Retrospective Frequencies

On Instagram, EL PLVYBXY (Gregorio Da Silva) plays the role of Buenos Aires bad-boy provocateur, but his music and interviews reveal a far more thoughtful mission: decolonizing Latin American dancefloors by reconnecting club culture with Indigenous and folk rhythms. His debut LP, Retrospective Frequencies—released on Mexico City’s Terminal—brings these dual identities together with new clarity.

Across 10 tracks, Da Silva refines his typically chaotic fusion of techno, cumbia, footwork, raptor house, and bass into something more focused and narrative-driven. The album’s secret engine is guaracha, a Cuban rhythm that’s morphed across Latin America; Da Silva electrifies it with modular synths, sub-bass, and distorted guitar, turning folk tradition into circuitry. While the record is billed as a single continuous arc, it plays more like a collection of short, self-contained stories.

The opener, “Asuntos Subacuaticos,” channels Drexciya’s aquatic mythos—lush, heavy, and atmospheric, but slow to catch fire. Energy returns on “Bump Por Bump,” a constantly mutating but tightly controlled stew of woodwinds, lasers, and breathy vocal chops. Collaborations expand the scope: “Los Cabures” (with ROOi) blends forest ambience with digital shimmer, while “Bohemio Del Sur” (with Imaabs) delivers frenetic rave heat and chopped jungle breaks. Both show Da Silva at his best—precise, wild, and irreverently hybrid.

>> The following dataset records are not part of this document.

lemma dir_compat_aux_constraint:
  assumes "0 \<le> \<theta>" "weighting wp" "weighting wm" "dpp M \<tau> T" "dir_compat M \<theta> lam wp wm \<tau> T"
    "AE \<omega> in M. Tbar T (\<tau> \<omega>) \<noteq> top"
  shows "aux_constraint M \<theta> lam wm (\<lambda>\<omega>. enn2real (Tbar T (\<tau> \<omega>)))"
  unfolding aux_constraint_def
proof (intro allI impI)
  note dpp = dppD[OF assms(4)]
  note [measurable] = dpp(2,4)
  let ?Y = "\<lambda>\<omega>. enn2real (Tbar T (\<tau> \<omega>))"
  fix s :: real assume "0 \<le> s" and pos: "0 < prob {\<omega>\<in>space M. ?Y \<omega> > s}"
  then obtain \<omega> where "\<omega> \<in> space M" "s < ?Y \<omega>" by (metis (lifting) Collect_empty_eq measure_empty less_irrefl)
  then obtain r where "0 \<le> r" "s < T r"
    using cum_pay_exceeds_of_Tbar_exceeds[OF dpp(1) dpp(3) \<open>0 \<le> s\<close>] by blast
  then obtain t where t: "0 \<le> t" "T t \<le> s" "\<And>r. t < r \<Longrightarrow> s < T r"
    using cum_pay_last_le[OF dpp(1) \<open>0 \<le> s\<close>] by blast
  \<comment> \<open>At the last time \<open>t\<close> with \<open>T t \<le> s\<close>, the events \<open>Y > s\<close> and \<open>\<tau> > t\<close> agree
    up to a null set.\<close>
  define C where "C = {\<omega>\<in>space M. \<tau> \<omega> > ereal t}"
  define A where "A y = {\<omega>\<in>space M. Tbar T (\<tau> \<omega>) - ennreal (T t) > ennreal y}" for y :: real
  have C: "prob C = prob {\<omega>\<in>space M. ?Y \<omega> > s}"
    unfolding C_def by (rule prob_later_eq_prob_Tbar_gt[OF assms(4,6) t])
  have sub: "{\<omega>\<in>space M. ?Y \<omega> - s > y} \<inter> {\<omega>\<in>space M. ?Y \<omega> > s} \<subseteq> A y \<inter> C" if "0 \<le> y" for y
  proof safe
    fix \<omega> assume \<omega>: "\<omega> \<in> space M" "y < ?Y \<omega> - s" "s < ?Y \<omega>"
    then have "Tbar T (\<tau> \<omega>) \<noteq> top" using \<open>0 \<le> s\<close> by auto
    then show "\<omega> \<in> A y"
      using \<omega> t(2) that cum_pay_nonneg[OF dpp(1) t(1)] by (auto simp: A_def ennreal_less_minus_iff)
    show "\<omega> \<in> C" using Tbar_gt_imp_gt[OF dpp(1) dpp(3) t(2)] \<omega> by (auto simp: C_def)
  qed
  have "cond_prob M {\<omega>\<in>space M. ?Y \<omega> - s > y} {\<omega>\<in>space M. ?Y \<omega> > s} \<le> cond_prob M (A y) C"
    if "0 \<le> y" for y
  proof (rule cond_prob_le)
    show "prob ({\<omega>\<in>space M. ?Y \<omega> - s > y} \<inter> {\<omega>\<in>space M. ?Y \<omega> > s}) \<le> prob (A y \<inter> C)"
      using sub[OF that] by (intro finite_measure_mono) (auto simp: A_def C_def)
  qed (use C pos in simp_all)
  then have "ennreal lam * (\<integral>\<^sup>+ y\<in>{0..}. ennreal (wm (cond_prob M
      {\<omega>\<in>space M. ?Y \<omega> - s > y} {\<omega>\<in>space M. ?Y \<omega> > s})) \<partial>lborel)
      \<le> ennreal lam * (\<integral>\<^sup>+ y\<in>{0..}. ennreal (wm (cond_prob M (A y) C)) \<partial>lborel)"
    using cond_prob_nonneg cond_prob_le_one
    by (intro mult_left_mono nn_integral_weighting_mono[OF assms(3)]) auto
  also have "\<dots> \<le> ennreal (\<theta> * wp (cond_prob M {\<omega>\<in>space M. \<tau> \<omega> < \<infinity>} C))"
    using assms(5)[unfolded dir_compat_def, rule_format, OF t(1)] C pos
    unfolding A_def C_def by simp
  also have "\<dots> \<le> ennreal \<theta>"
    using assms(1) weighting_le_one[OF assms(2) cond_prob_nonneg cond_prob_le_one]
    by (intro ennreal_leI mult_left_le) auto
  finally show "ennreal lam * (\<integral>\<^sup>+ y\<in>{0..}. ennreal (wm (cond_prob M
      {\<omega>\<in>space M. ?Y \<omega> - s > y} {\<omega>\<in>space M. ?Y \<omega> > s})) \<partial>lborel) \<le> ennreal \<theta>" .
qed

lemma dir_compat_of_aux_constraint:
  assumes "weighting wp" "weighting wm" "dpp M \<tau> T" "AE \<omega> in M. \<tau> \<omega> < \<infinity>"
    "aux_constraint M \<theta> lam wm (\<lambda>\<omega>. enn2real (Tbar T (\<tau> \<omega>)))"
  shows "dir_compat M \<theta> lam wp wm \<tau> T"
  unfolding dir_compat_def
proof (intro allI impI)
  note dpp = dppD[OF assms(3)]
  note [measurable] = dpp(2,4)
  let ?X = "\<lambda>\<omega>. enn2real (Tbar T (\<tau> \<omega>))"
  fix s :: real assume "0 \<le> s" and pos: "0 < prob {\<omega>\<in>space M. \<tau> \<omega> > ereal s}"
  define C where "C = {\<omega>\<in>space M. \<tau> \<omega> > ereal s}"
  define A where "A y = {\<omega>\<in>space M. Tbar T (\<tau> \<omega>) - ennreal (T s) > ennreal y}" for y :: real
  define D where "D = {\<omega>\<in>space M. ?X \<omega> > T s}"
  define B where "B y = {\<omega>\<in>space M. ?X \<omega> - T s > y}" for y :: real
  have "0 \<le> T s" using cum_pay_nonneg[OF dpp(1) \<open>0 \<le> s\<close>] .
  have "prob ({\<omega>\<in>space M. \<tau> \<omega> < \<infinity>} \<inter> C) = prob C"
    using assms(4) by (intro finite_measure_eq_AE) (auto simp: C_def)
  then have certain: "cond_prob M {\<omega>\<in>space M. \<tau> \<omega> < \<infinity>} C = 1"
    using pos by (simp add: cond_prob_def C_def)
  have "prob D \<le> prob C"
    using Tbar_gt_imp_gt[OF dpp(1) dpp(3) order_refl]
    by (intro finite_measure_mono) (auto simp: C_def D_def)
  have AC_BD: "prob (A y \<inter> C) \<le> prob (B y \<inter> D)" if "0 \<le> y" for y
  proof (rule finite_measure_mono_AE)
    show "AE \<omega> in M. \<omega> \<in> A y \<inter> C \<longrightarrow> \<omega> \<in> B y \<inter> D"
      using assms(4)
    proof (eventually_elim, intro impI)
      fix \<omega> assume "\<tau> \<omega> < \<infinity>" "\<omega> \<in> A y \<inter> C"
      moreover have "Tbar T (\<tau> \<omega>) \<noteq> top" using Tbar_less_top[of "\<tau> \<omega>" T] \<open>\<tau> \<omega> < \<infinity>\<close> by simp
      ultimately have "\<omega> \<in> space M" "y < ?X \<omega> - T s"
        using \<open>0 \<le> T s\<close> that by (auto simp: A_def ennreal_less_minus_iff)
      then show "\<omega> \<in> B y \<inter> D" using that by (auto simp: B_def D_def)
    qed
  qed (auto simp: B_def D_def)
  have "cond_prob M (A y) C \<le> cond_prob M (B y) D" if "0 \<le> y" for y
  proof (cases "prob D = 0")
    case True
    then have "prob (A y \<inter> C) = 0"
      using AC_BD[OF that] finite_measure_mono[of "B y \<inter> D" D] by (simp add: D_def measure_le_0_iff)
    then show ?thesis by (simp add: cond_prob_def)
  next
    case False
    then show ?thesis
      using AC_BD[OF that] \<open>prob D \<le> prob C\<close> by (intro cond_prob_le) (auto simp: less_le)
  qed
  then have "ennreal lam * (\<integral>\<^sup>+ y\<in>{0..}. ennreal (wm (cond_prob M (A y) C)) \<partial>lborel)
      \<le> ennreal lam * (\<integral>\<^sup>+ y\<in>{0..}. ennreal (wm (cond_prob M (B y) D)) \<partial>lborel)"
    using cond_prob_nonneg cond_prob_le_one
    by (intro mult_left_mono nn_integral_weighting_mono[OF assms(2)]) auto
  also have "\<dots> \<le> ennreal \<theta>"
  proof (cases "prob D = 0")
    case False
    then have "0 < prob D" by (simp add: less_le)
    then show ?thesis
      using assms(5)[unfolded aux_constraint_def, rule_format, OF \<open>0 \<le> T s\<close>]
      unfolding B_def D_def by simp
  qed (simp add: nn_integral_weighting_cond_prob_null[OF assms(2)])
  finally show "ennreal lam * (\<integral>\<^sup>+ y\<in>{0..}. ennreal (wm (cond_prob M
      {\<omega>\<in>space M. Tbar T (\<tau> \<omega>) - ennreal (T s) > ennreal y} {\<omega>\<in>space M. \<tau> \<omega> > ereal s})) \<partial>lborel)
    \<le> ennreal (\<theta> * wp (cond_prob M {\<omega>\<in>space M. \<tau> \<omega> < \<infinity>} {\<omega>\<in>space M. \<tau> \<omega> > ereal s}))"
    using certain weighting_one[OF assms(1)] by (simp add: A_def C_def)
qed

end

theorem lemma4:
  fixes M :: "'a measure" and \<theta> lam :: real and wp wm :: "real \<Rightarrow> real"
    and \<tau> :: "'a \<Rightarrow> ereal" and T :: "real \<Rightarrow> real"
  assumes "prob_space M"
    and "\<theta> > 0" and "lam > 0"
    and "weighting wp" and "weighting wm"
    and "dpp M \<tau> T"
    and "measure M {\<omega>\<in>space M. \<tau> \<omega> < \<infinity>} = 1"
    and "aux_solves M \<theta> lam wm (\<lambda>\<omega>. enn2real (Tbar T (\<tau> \<omega>)))"
  shows "optimal_dpp M \<theta> lam wp wm \<tau> T"
proof -
  interpret prob_space M by fact
  have finite: "AE \<omega> in M. \<tau> \<omega> < \<infinity>"
    using assms(7) dppD(2)[OF assms(6)] by (subst prob_Collect_eq_1[symmetric]) auto
  then have payment_finite: "AE \<omega> in M. Tbar T (\<tau> \<omega>) \<noteq> top"
    by eventually_elim (simp add: less_top Tbar_less_top)
  have "dir_compat M \<theta> lam wp wm \<tau> T"
    using assms(4,5,6,8) finite
    by (intro dir_compat_of_aux_constraint) (auto simp: aux_solves_def aux_feasible_iff)
  moreover have "revenue M \<tau>' T' \<le> revenue M \<tau> T"
    if "dpp M \<tau>' T'" "dir_compat M \<theta> lam wp wm \<tau>' T'" for \<tau>' T'
  proof -
    let ?Y = "\<lambda>\<omega>. enn2real (Tbar T' (\<tau>' \<omega>))"
    have "AE \<omega> in M. Tbar T' (\<tau>' \<omega>) \<noteq> top"
      using assms(3,5) that by (rule dir_compat_AE_Tbar_finite)
    then have "revenue M \<tau>' T' = aux_value M ?Y" and "aux_constraint M \<theta> lam wm ?Y"
      using assms(2,4,5) that by (auto intro: revenue_eq_aux_value dir_compat_aux_constraint)
    moreover have "aux_value M ?Y \<le> aux_value M (\<lambda>\<omega>. enn2real (Tbar T (\<tau> \<omega>)))"
      using dppD(4)[OF that(1)] \<open>aux_constraint M \<theta> lam wm ?Y\<close>
      by (intro aux_value_le_of_aux_solves[OF assms(2,3,5,8)]) auto
    ultimately show ?thesis using revenue_eq_aux_value[OF assms(6) payment_finite] by simp
  qed
  ultimately show ?thesis using assms(6) by (simp add: optimal_dpp_def)
qed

Occasionally, his tendency toward slow-burn tension slips into stagnation. The title-track “Frecuencias Retrospectivas” builds and builds with no payoff—intentionally torturous, but not always satisfying. Relief arrives in “Venga,” a DJ-ready hard-house/raptor hybrid whose “venga, venga” chant drips with dancefloor sweat and sexuality.

The late-album highlights continue with “ParisBsas,” a festival-scale, euphoric blend of tribal percussion, rippling synths, Amen breaks, and winking Skrillex-style squelches. But the much-anticipated collab with raptor pioneer DJ Babatr, “Goze,” underdelivers—a massive build and a muted drop that feels conceptually clever but club-ineffective. As a closer, though, its anticlimax mirrors the intro’s watery sensuality and reframes the album’s thesis: dance music can seduce, provoke, and withhold.

Overall: Retrospective Frequencies is Da Silva’s most coherent statement yet—a high-concept, sonically adventurous LP that fuses folk memory, queer rave energy, and global underground futurism. Not every experiment lands, but the album’s ambition, precision, and stylistic breadth mark EL PLVYBXY as one of the most forward-thinking producers in contemporary Latin club music.